Reading Notes - Large-scale Distributed Storage Systems: Principle Analysis and Architecture Practice: V

This article was last updated on: February 7, 2024 pm

5 Distributed key-value system

It can be seen as a special case of the distributed tabular model.

Hash distribution algorithm.

5.1 Amazon Dynamo

Question Techniques taken
Data Distribution Improved consistent hashing (virtual nodes)
Copy Protocol Replicated-write Protocol (NWR parameter adjustable)
Data Conflict Handling Vector clock
Temporary Troubleshooting Data Backhaul (Hinted Handoff)
Recovery after a permanent failure Merkle hash tree
Membership and error detection Gossip-based membership and error detection protocol

5.1.1 Data Distribution

The idea of a consistent hash algorithm: assign a random token to each node in the system, and these tokens form a hash ring. When performing a data placement operation, the hash value of the primary key is calculated first, and then stored in the clockwise direction of the node where the first token greater than or equal to the hash value is located.

Advantages of consistent hashing: When nodes are joined and deleted, only neighboring nodes in the hash ring are affected, and other nodes are not affected.

Dynamo uses an improved consistent hashing algorithm: each physical node is assigned multiple tokens based on its performance differences, one for each “virtual node”. The processing power of each virtual node is basically comparable and randomly distributed in the hash space.

Due to the existence of seed nodes, it is relatively simple to join new nodes. The new node first exchanges cluster information with the seed node and thus learns about the cluster. Other nodes in the DHT (Distributed Hash Table) ring also periodically exchange cluster information with seed nodes to discover new nodes joining.

5.1.2 Consistency and Replication

Replication: Data callback.

Dynamo highlight technology: NWR, N represents the number of backups replicated, R refers to the minimum number of nodes for successful read operations, and W refers to the minimum number of nodes for successful write operations. As long as W + R > N is satisfied, it is guaranteed that at least one valid data can be read when there is no more than one machine failure.

If the application attaches importance to read efficiency, you can set W = N, R=1, and if the application needs to make trade-offs between reading and writing, you can generally set N=3, W=2, and R=2.

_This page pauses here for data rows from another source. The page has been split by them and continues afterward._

lemma in_far_side_iff: "i < k \<Longrightarrow> v \<in> far_side i \<longleftrightarrow> v \<in> V \<and> joined (E - {path_edge i}) v y"
  by (simp add: far_side_def)

lemma far_side_empty_if: "\<not> i < k \<Longrightarrow> far_side i = {}"
  by (simp add: far_side_def)

lemma path_vertex_notin_far_side: "j \<le> i \<Longrightarrow> p ! j \<notin> far_side i"
proof
  assume ji: "j \<le> i" and "p ! j \<in> far_side i"
  then have ik: "i < k" and "joined (E - {path_edge i}) (p ! j) y"
    using far_side_empty_if in_far_side_iff by blast+
  moreover have "joined (E - {path_edge i}) (p ! j) (p ! i)"
    "joined (E - {path_edge i}) (p ! Suc i) (p ! k)"
    using ji ik by (auto intro: joined_along_path joined_sym)
  ultimately have "joined (E - {path_edge i}) (p ! i) (p ! Suc i)"
    using path_end by (meson joined_sym joined_trans)
  with path_edge_is_bridge ik show False by blast
qed

lemma start_notin_far_side: "x \<notin> far_side i"
  using path_vertex_notin_far_side[of 0 i] path_start by simp

lemma path_vertex_in_far_side: "i < j \<Longrightarrow> j \<le> k \<Longrightarrow> p ! j \<in> far_side i"
  using joined_along_path[of j k i] path_vertex_in_V[of j] path_end
  by (simp add: in_far_side_iff)

lemma end_in_far_side: "i < k \<Longrightarrow> y \<in> far_side i"
  using path_vertex_in_far_side[of i k] path_end by simp

lemma far_side_boundary_edge:
  assumes "{u, v} \<in> E" "u \<notin> far_side i" "v \<in> far_side i"
  shows "i < k \<and> u = p ! i \<and> v = p ! Suc i"
proof -
  have ik: "i < k" using assms(3) far_side_empty_if by blast
  have "{u, v} = path_edge i"
  proof (rule ccontr)
    assume "{u, v} \<noteq> path_edge i"
    with assms(1) have "joined (E - {path_edge i}) u v" by (intro joined_edge) simp
    moreover have "joined (E - {path_edge i}) v y"
      using assms(3) ik by (simp add: in_far_side_iff)
    moreover have "u \<in> V"
      using simple_graph_edge_vertices[OF simple_graph assms(1)] by simp
    ultimately have "u \<in> far_side i"
      using ik by (simp add: in_far_side_iff joined_trans)
    with assms(2) show False by simp
  qed
  moreover have "u \<noteq> p ! Suc i" using assms(2) path_vertex_in_far_side[of i "Suc i"] ik by auto
  ultimately show ?thesis using ik by (auto simp: path_edge_def doubleton_eq_iff)
qed

lemma far_side_boundary_bb_edge:
  assumes "{a, b} \<in> BE" "fst a \<notin> far_side i" "fst b \<in> far_side i"
  obtains s where "i < k" "a = (p ! i, s)" "b = (p ! Suc i, s)"
proof -
  have "fst a \<noteq> fst b" using assms(2,3) by auto
  then have "{fst a, fst b} \<in> E" "snd a = snd b"
    using bb_edge_cases[OF assms(1)] by auto
  then have "i < k" "fst a = p ! i" "fst b = p ! Suc i" "snd a = snd b"
    using far_side_boundary_edge[of "fst a" "fst b" i] assms(2,3) by auto
  then show ?thesis using that[of "snd a"] by (cases a, cases b) simp
qed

NWR looks perfect, but it’s not. In a P2P cluster such as Dynamo, due to the different cluster information stored by each node, the same record may be updated by multiple nodes at the same time, and the update order between multiple nodes cannot be guaranteed. To this end, Dynamo introduced the technical means of Vector Clock in an attempt to resolve conflicts.

5.1.3 Fault Tolerance

Dynamo divides exceptions into 2 types:

  • Temporary abnormalities: such as suspended animation
  • Permanent abnormalities: such as hard disk repair or machine scrapping

Fault tolerance mechanism:

  • Data callback
  • Merkle tree synchronization
  • Read repair

5.1.4 Load balancing

It depends on how each machine is assigned a virtual node number, or token.

How to assign nodes:

  • Random allocation: The disadvantage is poor controllability.
  • Data range allocation + random allocation

5.1.5 Read and Write Process

During the reading process, if the data is inconsistent, the default policy is to select the latest data based on the modification timestamp, of course, the user can also customize the conflict handling method. If the data version on some replicas is found to be too old during the read process, Dynamo will internally initiate a read repair operation asynchronously to fix the erroneous copy using the result of conflict resolution.

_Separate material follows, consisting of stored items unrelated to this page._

lemma potential_minus_winners_nonempty:
  assumes "finite A" "A - W \<noteq> {}" "card W < m"
  shows "potential m v A W - W \<noteq> {}"
proof (cases "card (A - W) \<le> m - card W")
  case True
  then show ?thesis using assms(2) by (simp add: potential_def)
next
  case False
  then have "top_k v (m - card W) (A - W) \<subseteq> potential m v A W - W"
    using top_k_subset[of v _ "A - W"] by (auto simp: potential_def)
  moreover have "top_k v (m - card W) (A - W) \<noteq> {}"
    by (rule top_k_nonempty) (use assms in auto)
  ultimately show ?thesis by blast
qed

lemma card_winners_less_if_potential:
  assumes "finite A" "w \<in> potential m v A W - W"
  shows "card W < m"
proof -
  have "finite (potential m v A W - W)"
    by (rule finite_subset[OF potential_minus_winners_subset]) (use assms(1) in simp)
  then have "0 < card (potential m v A W - W)"
    using assms(2) by (auto simp: card_gt_0_iff)
  then show ?thesis using card_potential_minus_winners_le[OF assms(1), of m v W] by linarith
qed

text \<open>Buyers of \<open>A - P(A, W)\<close> are the exhausted ones.\<close>

lemma exhausted_iff:
  "x \<in> A - potential m v A W \<longleftrightarrow>
     x \<in> A - W \<and> \<not> card (A - W) \<le> m - card W \<and>
     m - card W \<le> card {y \<in> A - W. better v y x}"
  by (auto simp: potential_def top_k_def)

lemma exhausted_explore:
  assumes "finite A'" "A \<subseteq> A'" "x \<in> A - potential m v A W"
  shows "x \<in> A' - potential m v A' W"
proof -
  have "card (A - W) \<le> card (A' - W)"
    "card {y \<in> A - W. better v y x} \<le> card {y \<in> A' - W. better v y x}"
    using assms(1,2) by (auto intro: card_mono)
  then show ?thesis using assms(2,3) unfolding exhausted_iff by auto
qed

lemma exhausted_select:
  assumes "finite A" "W \<subseteq> A" "w \<in> potential m v A W - W" "x \<in> A - potential m v A W"
  shows "x \<in> A - potential m v A (insert w W)"
proof -
  define k where "k = m - card W"
  have x: "x \<in> A - W" "\<not> card (A - W) \<le> k" "k \<le> card {y \<in> A - W. better v y x}"
    using assms(4) unfolding exhausted_iff k_def by auto
  have w_top: "w \<in> top_k v k (A - W)" and x_top: "x \<notin> top_k v k (A - W)"
    using assms(3,4) x(2) by (auto simp: potential_def k_def)
  have "better v w x" using top_k_better assms(1) w_top x_top x(1) by blast
  have "w \<in> A - W" using w_top top_k_subset by blast
  have "0 < k" using w_top by (auto simp: top_k_def)
  have "x \<noteq> w" using assms(3,4) by blast
  \<comment> \<open>\<open>w\<close> outranks \<open>x\<close>, so selecting \<open>w\<close> lowers both the supply and the rank of \<open>x\<close> by one.\<close>
  have "finite W" using assms(2,1) by (rule finite_subset)
  then have remaining: "m - card (insert w W) = k - 1"
    using \<open>w \<in> A - W\<close> unfolding k_def by simp
  have "A - insert w W = (A - W) - {w}" by blast
  then have explored: "card (A - insert w W) = card (A - W) - 1"
    using \<open>w \<in> A - W\<close> assms(1) by (simp add: card_Diff_singleton)
  have "{y \<in> A - insert w W. better v y x} = {y \<in> A - W. better v y x} - {w}" by blast
  then have rank: "card {y \<in> A - insert w W. better v y x} = card {y \<in> A - W. better v y x} - 1"
    using \<open>w \<in> A - W\<close> \<open>better v w x\<close> assms(1) by (simp add: card_Diff_singleton)
  show ?thesis
    unfolding exhausted_iff remaining explored rank
    using x \<open>x \<noteq> w\<close> \<open>0 < k\<close> by (simp; intro conjI; linarith)
qed

lemma potential_minus_winners_eq_singleton:
  assumes "finite A'" "W \<subseteq> A" "A \<subseteq> A'" "w \<in> potential m v A W - W"
    and stop: "potential m v A' (insert w W) - insert w W = {}"
  shows "potential m v A W - W = {w}"
proof (rule ccontr)
  assume "potential m v A W - W \<noteq> {w}"
  then obtain x where x: "x \<in> potential m v A W - W" "x \<noteq> w" using assms(4) by blast
  have "finite A" using assms(3,1) by (rule finite_subset)
  have "finite W" using assms(2) \<open>finite A\<close> by (rule finite_subset)
  consider "m - card W = 1" | "1 < m - card W"
    using card_winners_less_if_potential[OF \<open>finite A\<close> assms(4)] by linarith
  then show False
  proof cases
    case 1
    have "finite (potential m v A W - W)"
      by (rule finite_subset[OF potential_minus_winners_subset]) (use \<open>finite A\<close> in simp)
    then have "card {x, w} \<le> card (potential m v A W - W)"
      using x assms(4) by (intro card_mono) auto
    then show False
      using card_potential_minus_winners_le[OF \<open>finite A\<close>, of m v W] x(2) 1 by simp
  next
    case 2
    have "A' - insert w W \<noteq> {}" using x potential_minus_winners_subset assms(3) by blast
    moreover have "card (insert w W) < m" using 2 \<open>finite W\<close> assms(4) by simp
    ultimately have "potential m v A' (insert w W) - insert w W \<noteq> {}"
      by (rule potential_minus_winners_nonempty[OF assms(1)])
    then show False using stop by simp
  qed
qed

lemma reach_avoiding_seller:
  "i \<in> rs \<Longrightarrow> i \<noteq> w \<Longrightarrow> reach_avoiding (profile_edges B rs r) w i"
  by (auto simp: reach_avoiding_def profile_edges_def)

lemma reach_avoiding_step:
  assumes "reach_avoiding (profile_edges B rs r) w x" "x \<in> B" "x \<noteq> w" "i \<in> r x" "i \<noteq> w"
  shows "reach_avoiding (profile_edges B rs r) w i"
  using assms unfolding reach_avoiding_def
  by (elim rtrancl_into_rtrancl) (auto simp: profile_edges_def)

lemma reach_avoiding_closed_set:
  assumes "rs \<subseteq> S" "\<And>x. x \<in> S \<Longrightarrow> x \<noteq> w \<Longrightarrow> r x \<subseteq> S"
    and "reach_avoiding (profile_edges B rs r) w i"
  shows "i \<in> S"
proof -
  have "b = None \<or> (\<exists>y. b = Some y \<and> y \<in> S)"
    if "(None, b) \<in> {(a, b). (a, b) \<in> profile_edges B rs r \<and> a \<noteq> Some w \<and> b \<noteq> Some w}\<^sup>*"
    for b
    using that
  proof (induction rule: rtrancl_induct)
    case (step y z)
    then show ?case using assms(1,2) by (auto simp: profile_edges_def)
  qed simp
  then show ?thesis using assms(3) by (auto simp: reach_avoiding_def)
qed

5.1.6 Stand-alone implementation

Dynamo’s storage nodes consist of 3 components:

  • Request coordination
  • Member and failure detection
  • Storage engine

Dynamo is designed to support pluggable storage engines such as Berkerly DB, MySQL InnoDB, etc.

5.1.7 Discussion

Dynamo uses a P2P design without a central node, which increases the scalability of the system.

Dynamo only guarantees eventual consistency, and it is difficult to predict the outcome of the operation when multiple clients operate concurrently, and it is difficult to predict the inconsistent time window.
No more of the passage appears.